* Task
Starting at the top of the entries below, print each line exactly until the line with "M (\<lambda>\<omega>. X" has been printed too.

* Data listing

theorem lemmaE2:
  fixes M :: "'w measure"
    and x y :: "real^'n"
    and f :: "real^'n \<Rightarrow> real^'n"
    and a b c :: "'w \<Rightarrow> real^'n"
    and \<mu> :: "'n \<Rightarrow> nat \<Rightarrow> real"
    and \<gamma> \<alpha> :: real
  assumes "prob_space M"
    and indep: "prob_space.indep_vars M (\<lambda>_. borel) (entry_family a b c) UNIV"
    and int_a: "\<And>i. integrable M (\<lambda>\<omega>. (a \<omega> $ i) ^ 4)"
    and int_b: "\<And>i. integrable M (\<lambda>\<omega>. (b \<omega> $ i) ^ 4)"
    and int_c: "\<And>i. integrable M (\<lambda>\<omega>. (c \<omega> $ i) ^ 4)"
    and mean_a: "\<And>i. prob_space.expectation M (\<lambda>\<omega>. a \<omega> $ i) = x $ i"
    and mean_b: "\<And>i. prob_space.expectation M (\<lambda>\<omega>. b \<omega> $ i) = x $ i"
    and mean_c: "\<And>i. prob_space.expectation M (\<lambda>\<omega>. c \<omega> $ i) = x $ i"
    and mom_a: "\<And>i k. k \<le> 4 \<Longrightarrow> prob_space.expectation M (\<lambda>\<omega>. (a \<omega> $ i - x $ i) ^ k) = \<mu> i k"
    and mom_b: "\<And>i k. k \<le> 4 \<Longrightarrow> prob_space.expectation M (\<lambda>\<omega>. (b \<omega> $ i - x $ i) ^ k) = \<mu> i k"
    and mom_c: "\<And>i k. k \<le> 4 \<Longrightarrow> prob_space.expectation M (\<lambda>\<omega>. (c \<omega> $ i - x $ i) ^ k) = \<mu> i k"
    and gamma_def: "\<gamma> = (MAX i\<in>UNIV. \<bar>x $ i - f y $ i\<bar>)"
    and alpha: "\<And>i. max (\<mu> i 4) (max (\<mu> i 3 * \<gamma>) (\<gamma> ^ 4)) \<le> \<alpha>"
  shows "\<forall>i. prob_space.variance M
            (\<lambda>\<omega>. (a \<omega> $ i - f y $ i)\<^sup>2 - (b \<omega> $ i - c \<omega> $ i)\<^sup>2 / 2) \<le> 14 * \<alpha>"
proof
  fix i
  interpret prob_space M by fact
  define X where "X j \<omega> = entry_family a b c j \<omega> - x $ snd j" for j \<omega>
  define d where "d = x $ i - f y $ i"
  have indep_X: "indep_vars (\<lambda>_. borel) X UNIV"
    unfolding X_def using indep by (rule indep_vars_compose2) simp
  have entry_int: "integrable M (\<lambda>\<omega>. entry_family a b c (l, k) \<omega> ^ 4)" for l k
    using int_a int_b int_c by (cases l) (simp_all add: entry_family_def)
  have X_int: "integrable M (\<lambda>\<omega>. X (l, k) \<omega> ^ 4)" for l k
    using indep entry_int integrable_diff_power[of "entry_family a b c (l, k)" "\<lambda>_. x $ k" 4]
    by (simp add: X_def indep_vars_def)
  have X_meas: "X (l, k) \<in> borel_measurable M" for l k
    using indep_X by (simp add: indep_vars_def)
  have half_sq_diff_meas: "(\<lambda>p. (fst p - snd p)\<^sup>2 / 2 :: real) \<in> borel_measurable borel"
    by (intro borel_measurable_continuous_onI continuous_intros) simp
  have "indep_var borel (\<lambda>\<omega>. (X (LA, i) \<omega> + d)\<^sup>2) borel (\<lambda>\<omega>. (X (LB, i) \<omega> - X (LC, i) \<omega>)\<^sup>2 / 2)"
    using half_sq_diff_meas indep_vars_indep_var_single_pair[OF indep_X, where g = "\<lambda>t. (t + d)\<^sup>2"
        and h = "\<lambda>p. (fst p - snd p)\<^sup>2 / 2" and i = "(LA, i)" and j = "(LB, i)" and k = "(LC, i)"]
    by simp
  from variance_unbiased_sq_error_le[OF this X_meas X_int X_meas X_int X_meas X_int]
  have "variance (\<lambda>\<omega>. (a \<omega> $ i - f y $ i)\<^sup>2 - (b \<omega> $ i - c \<omega> $ i)\<^sup>2 / 2) \<le> 10 * \<mu> i 4 + 4 * d ^ 4"
    by (simp add: X_def entry_family_def d_def mom_a mom_b mom_c)
  moreover have "d ^ 4 \<le> \<gamma> ^ 4"
  proof -
    have "\<bar>d\<bar> \<le> \<gamma>"
      unfolding gamma_def d_def by (rule Max_ge) auto
    then show ?thesis
      using power_mono[of "\<bar>d\<bar>" \<gamma> 4] by (simp add: power_even_abs_numeral)
  qed
  ultimately show "variance (\<lambda>\<omega>. (a \<omega> $ i - f y $ i)\<^sup>2 - (b \<omega> $ i - c \<omega> $ i)\<^sup>2 / 2) \<le> 14 * \<alpha>"
    using alpha[of i] by linarith
qed

end
lemma transfer_entry_vseq_sums:
  fixes p q s x z c c0 :: complex
  assumes qx: "norm (q * x) < 1" and "0 < k"
  shows "summable (\<lambda>n. norm (transfer_entry p q s k n * vseq x z n))"
    and "(\<lambda>n. transfer_entry p q s k n * vseq x z n)
           sums (vseq (p + s * x / (1 + q * x)) c k - vseq p c0 k)"
proof -
  define coeff where "coeff l = of_nat ((k - 1) choose (l - 1)) * (- p) ^ (k - l) * s ^ l" for l
  define t where "t l n = of_nat (n choose l) * q ^ (n - l) * vseq x z n" for l n
  have expand: "transfer_entry p q s k n * vseq x z n = (\<Sum>l = 1..k. coeff l * t l n)" for n
    unfolding coeff_def t_def using \<open>0 < k\<close> by (rule transfer_entry_vseq_eq_sum)
  have tail: "summable (\<lambda>n. norm (t l n))" "t l sums (vseq x z l / (1 + q * x) ^ l)"
    if "l \<in> {1..k}" for l
    using vseq_binomial_tail_sums[OF qx, of l] that unfolding t_def by auto
  have "summable (\<lambda>n. \<Sum>l = 1..k. norm (coeff l) * norm (t l n))"
    using tail(1) by (intro summable_sum summable_mult) auto
  then show "summable (\<lambda>n. norm (transfer_entry p q s k n * vseq x z n))"
    unfolding expand
    by (rule summable_comparison_test') (auto intro: order_trans[OF norm_sum] simp: norm_mult)
  define w where "w = - (s * x / (1 + q * x))"
  have w_power: "w ^ l = s ^ l * (- x) ^ l / (1 + q * x) ^ l" for l
    unfolding w_def by (metis minus_divide_left mult_minus_right power_divide power_mult_distrib)
  have summand: "coeff l * (vseq x z l / (1 + q * x) ^ l)
                = - (of_nat ((k - 1) choose (l - 1)) / of_nat l * (- p) ^ (k - l) * w ^ l)"
    if "l \<in> {1..k}" for l
    using that by (simp add: coeff_def vseq_def w_power field_simps)
  have "(\<lambda>n. transfer_entry p q s k n * vseq x z n)
          sums (\<Sum>l = 1..k. coeff l * (vseq x z l / (1 + q * x) ^ l))"
    unfolding expand using tail(2) by (intro sums_sum sums_mult) auto
  also have "(\<Sum>l = 1..k. coeff l * (vseq x z l / (1 + q * x) ^ l))
               = - (\<Sum>l = 1..k. of_nat ((k - 1) choose (l - 1)) / of_nat l
                      * (- p) ^ (k - l) * w ^ l)"
    unfolding sum_negf[symmetric] by (rule sum.cong[OF refl summand])
  also have "\<dots> = - (((- p + w) ^ k - (- p) ^ k) / of_nat k)"
    by (simp only: sum_pred_choose_power_div[OF \<open>0 < k\<close>])
  also have "\<dots> = vseq (p + s * x / (1 + q * x)) c k - vseq p c0 k"
    using \<open>0 < k\<close> by (simp add: vseq_def w_def diff_divide_distrib)
  finally show "(\<lambda>n. transfer_entry p q s k n * vseq x z n)
                  sums (vseq (p + s * x / (1 + q * x)) c k - vseq p c0 k)" .
qed

lemma transfer_entry_0_vseq_sums:
  fixes p q s x z :: complex
  assumes qx: "norm (q * x) < 1"
  shows "summable (\<lambda>n. norm (transfer_entry p q s 0 n * vseq x z n))"
    and "(\<lambda>n. transfer_entry p q s 0 n * vseq x z n) sums Ln (1 + q * x)"
proof -
  have entry: "transfer_entry p q s 0 n * vseq x z n = - ((- (q * x)) ^ n) / of_nat n" for n
    by (simp add: transfer_entry_def vseq_def flip: power_mult_distrib)
  show "(\<lambda>n. transfer_entry p q s 0 n * vseq x z n) sums Ln (1 + q * x)"
    unfolding entry using qx by (rule Ln_series')
  have bound: "norm (y / of_nat n) \<le> norm y" for y :: complex and n
    by (cases n) (simp_all add: norm_divide divide_le_eq mult_le_cancel_left1 del: of_nat_Suc)
  have "norm (norm (- ((- (q * x)) ^ n) / of_nat n)) \<le> norm (q * x) ^ n" for n
    using bound[of "- ((- (q * x)) ^ n)" n] by (simp add: norm_power)
  moreover have "summable (\<lambda>n. norm (q * x) ^ n)"
    using qx by (simp add: summable_geometric)
  ultimately show "summable (\<lambda>n. norm (transfer_entry p q s 0 n * vseq x z n))"
    unfolding entry by (blast intro: summable_comparison_test')
qed

lemma transfer_entry_vseq_series:
  fixes p q s x z c :: complex
  assumes "norm (q * x) < 1"
  shows "summable (\<lambda>n. norm (transfer_entry p q s k n * vseq x z n))
       \<and> (\<Sum>n. transfer_entry p q s k n * vseq x z n)
           = vseq (p + s * x / (1 + q * x)) (c + Ln (1 + q * x)) k - vseq p c k"
proof (cases "k = 0")
  case True
  note series = transfer_entry_0_vseq_sums[OF assms, of p s z]
  have "vseq (p + s * x / (1 + q * x)) (c + Ln (1 + q * x)) k - vseq p c k = Ln (1 + q * x)"
    using True by (simp add: vseq_def)
  then show ?thesis
    using conjI[OF series(1) sums_unique[OF series(2), symmetric]] True by simp
next
  case False
  then have "0 < k" by simp
  note series = transfer_entry_vseq_sums[OF assms this]
  show ?thesis
    using conjI[OF series(1) sums_unique[OF series(2), symmetric]] .
qed

lemma mob_0: "mob A B C D 0 = of_real B / of_real D"
  by (simp add: mob_def)

lemma mobT_0: "mobT A B C D 0 = of_real C / of_real D"
  by (simp add: mobT_def mob_def)

lemma deriv_mob_0:
  assumes "D \<noteq> 0"
  shows "deriv (mob A B C D) 0 = of_real ((A * D - B * C) / D\<^sup>2)"
proof -
  have "(mob A B C D has_field_derivative of_real ((A * D - B * C) / D\<^sup>2)) (at 0)"
    unfolding mob_def[abs_def] using assms
    by (auto intro!: derivative_eq_intros simp: field_simps power2_eq_square)
  then show ?thesis
    by (rule DERIV_imp_deriv)
qed

lemma mob_expansion_at_0:
  assumes D: "D \<noteq> 0" and nz: "1 + mobT A B C D 0 * x \<noteq> 0"
  shows "mob A B C D x = mob A B C D 0 + deriv (mob A B C D) 0 * x / (1 + mobT A B C D 0 * x)"
proof -
  define E where "E = of_real C * x + of_real D"
  have E_eq: "1 + mobT A B C D 0 * x = E / of_real D"
    using D by (simp add: E_def mobT_0 field_simps)
  with nz have "E \<noteq> 0" by auto
  have "mob A B C D 0 + deriv (mob A B C D) 0 * x / (1 + mobT A B C D 0 * x)
          = (of_real B * E + of_real (A * D - B * C) * x) / (of_real D * E)"
    unfolding E_eq mob_0 deriv_mob_0[OF D]
    using D \<open>E \<noteq> 0\<close> by (simp add: field_simps power2_eq_square)
  also have "\<dots> = of_real D * (of_real A * x + of_real B) / (of_real D * E)"
    by (simp add: E_def algebra_simps)
  also have "\<dots> = mob A B C D x"
    using D by (simp add: mob_def E_def)
  finally show ?thesis ..
qed

lemma Ln_affine:
  fixes G x :: complex
  assumes "0 < D" and "1 + G / of_real D * x \<noteq> 0"
  shows "Ln (G * x + of_real D) = Ln (of_real D) + Ln (1 + G / of_real D * x)"
proof -
  have "G * x + of_real D = of_real D * (1 + G / of_real D * x)"
    using assms(1) by (simp add: field_simps)
  with assms show ?thesis
    by (simp add: Ln_times_of_real Ln_of_real)
qed

theorem lemma3p9:
  fixes a b c d :: real and x z :: complex
  assumes pos: "a > 0" "b > 0" "c > 0" "d > 0"
    and inv: "a * d - b * c \<noteq> 0"
    and rho: "\<exists>\<rho>::real. 0 < \<rho> \<and> \<rho> < 1 \<and>
               (\<forall>t::real. \<bar>t\<bar> \<le> 1 \<longrightarrow>
                  fr a b c d (of_real t) \<in> \<real> \<and> \<bar>Re (fr a b c d (of_real t))\<bar> \<le> \<rho>)"
    and transp: "\<forall>t::real. \<bar>t\<bar> \<le> 1 \<longrightarrow>
                  frT a b c d (of_real t) \<in> \<real> \<and> \<bar>Re (frT a b c d (of_real t))\<bar> < 1"
    and dpos: "delt a b c d > 0"
    and gd: "\<bar>gam a b c d / delt a b c d\<bar> < 1"
    and x: "cmod x \<le> 1"
  shows "\<forall>k. summable (\<lambda>n. norm (Tent a b c d k n * vseq x z n)) \<and>
             (\<Sum>n. Tent a b c d k n * vseq x z n) =
               vseq (fr a b c d x) (lr a b c d x) k - vseq (fr a b c d 0) (lr a b c d 0) k"
proof -
  define p q s where "p = fr a b c d 0" and "q = frT a b c d 0" and "s = deriv (fr a b c d) 0"
  have q: "q = of_real (gam a b c d) / of_real (delt a b c d)"
    by (simp add: q_def frT_def mobT_0)
  have qx: "norm (q * x) < 1"
  proof -
    have "norm (q * x) \<le> norm q"
      using x by (simp add: norm_mult mult_left_le)
    also have "norm q < 1"
      using gd by (simp add: q norm_divide)
    finally show ?thesis .
  qed
  then have nz: "1 + q * x \<noteq> 0"
    by (metis add_eq_0_iff norm_minus_cancel norm_one order.irrefl)
  have fx: "fr a b c d x = p + s * x / (1 + q * x)"
    using dpos nz unfolding p_def q_def s_def fr_def frT_def
    by (intro mob_expansion_at_0) simp_all
  have lx: "lr a b c d x = lr a b c d 0 + Ln (1 + q * x)"
    using Ln_affine[OF dpos] nz by (simp add: lr_def q)
  show ?thesis
    using transfer_entry_vseq_series[OF qx, where c = "lr a b c d 0"]
    unfolding Tent_eq_transfer_entry fx lx p_def q_def s_def by blast
qed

* Result of the exercise
theorem lemmaE2:
  fixes M :: "'w measure"
    and x y :: "real^'n"
    and f :: "real^'n \<Rightarrow> real^'n"
    and a b c :: "'w \<Rightarrow> real^'n"
    and \<mu> :: "'n \<Rightarrow> nat \<Rightarrow> real"
    and \<gamma> \<alpha> :: real
  assumes "prob_space M"
    and indep: "prob_space.indep_vars M (\<lambda>_. borel) (entry_family a b c) UNIV"
    and int_a: "\<And>i. integrable M (\<lambda>\<omega>. (a \<omega> $ i) ^ 4)"
    and int_b: "\<And>i. integrable M (\<lambda>\<omega>. (b \<omega> $ i) ^ 4)"
    and int_c: "\<And>i. integrable M (\<lambda>\<omega>. (c \<omega> $ i) ^ 4)"
    and mean_a: "\<And>i. prob_space.expectation M (\<lambda>\<omega>. a \<omega> $ i) = x $ i"
    and mean_b: "\<And>i. prob_space.expectation M (\<lambda>\<omega>. b \<omega> $ i) = x $ i"
    and mean_c: "\<And>i. prob_space.expectation M (\<lambda>\<omega>. c \<omega> $ i) = x $ i"
    and mom_a: "\<And>i k. k \<le> 4 \<Longrightarrow> prob_space.expectation M (\<lambda>\<omega>. (a \<omega> $ i - x $ i) ^ k) = \<mu> i k"
    and mom_b: "\<And>i k. k \<le> 4 \<Longrightarrow> prob_space.expectation M (\<lambda>\<omega>. (b \<omega> $ i - x $ i) ^ k) = \<mu> i k"
    and mom_c: "\<And>i k. k \<le> 4 \<Longrightarrow> prob_space.expectation M (\<lambda>\<omega>. (c \<omega> $ i - x $ i) ^ k) = \<mu> i k"
    and gamma_def: "\<gamma> = (MAX i\<in>UNIV. \<bar>x $ i - f y $ i\<bar>)"
    and alpha: "\<And>i. max (\<mu> i 4) (max (\<mu> i 3 * \<gamma>) (\<gamma> ^ 4)) \<le> \<alpha>"
  shows "\<forall>i. prob_space.variance M
            (\<lambda>\<omega>. (a \<omega> $ i - f y $ i)\<^sup>2 - (b \<omega> $ i - c \<omega> $ i)\<^sup>2 / 2) \<le> 14 * \<alpha>"
proof
  fix i
  interpret prob_space M by fact
  define X where "X j \<omega> = entry_family a b c j \<omega> - x $ snd j" for j \<omega>
  define d where "d = x $ i - f y $ i"
  have indep_X: "indep_vars (\<lambda>_. borel) X UNIV"
    unfolding X_def using indep by (rule indep_vars_compose2) simp
  have entry_int: "integrable M (\<lambda>\<omega>. entry_family a b c (l, k) \<omega> ^ 4)" for l k
    using int_a int_b int_c by (cases l) (simp_all add: entry_family_def)
  have X_int: "integrable M (\<lambda>\<omega>. X (l, k) \<omega> ^ 4)" for l k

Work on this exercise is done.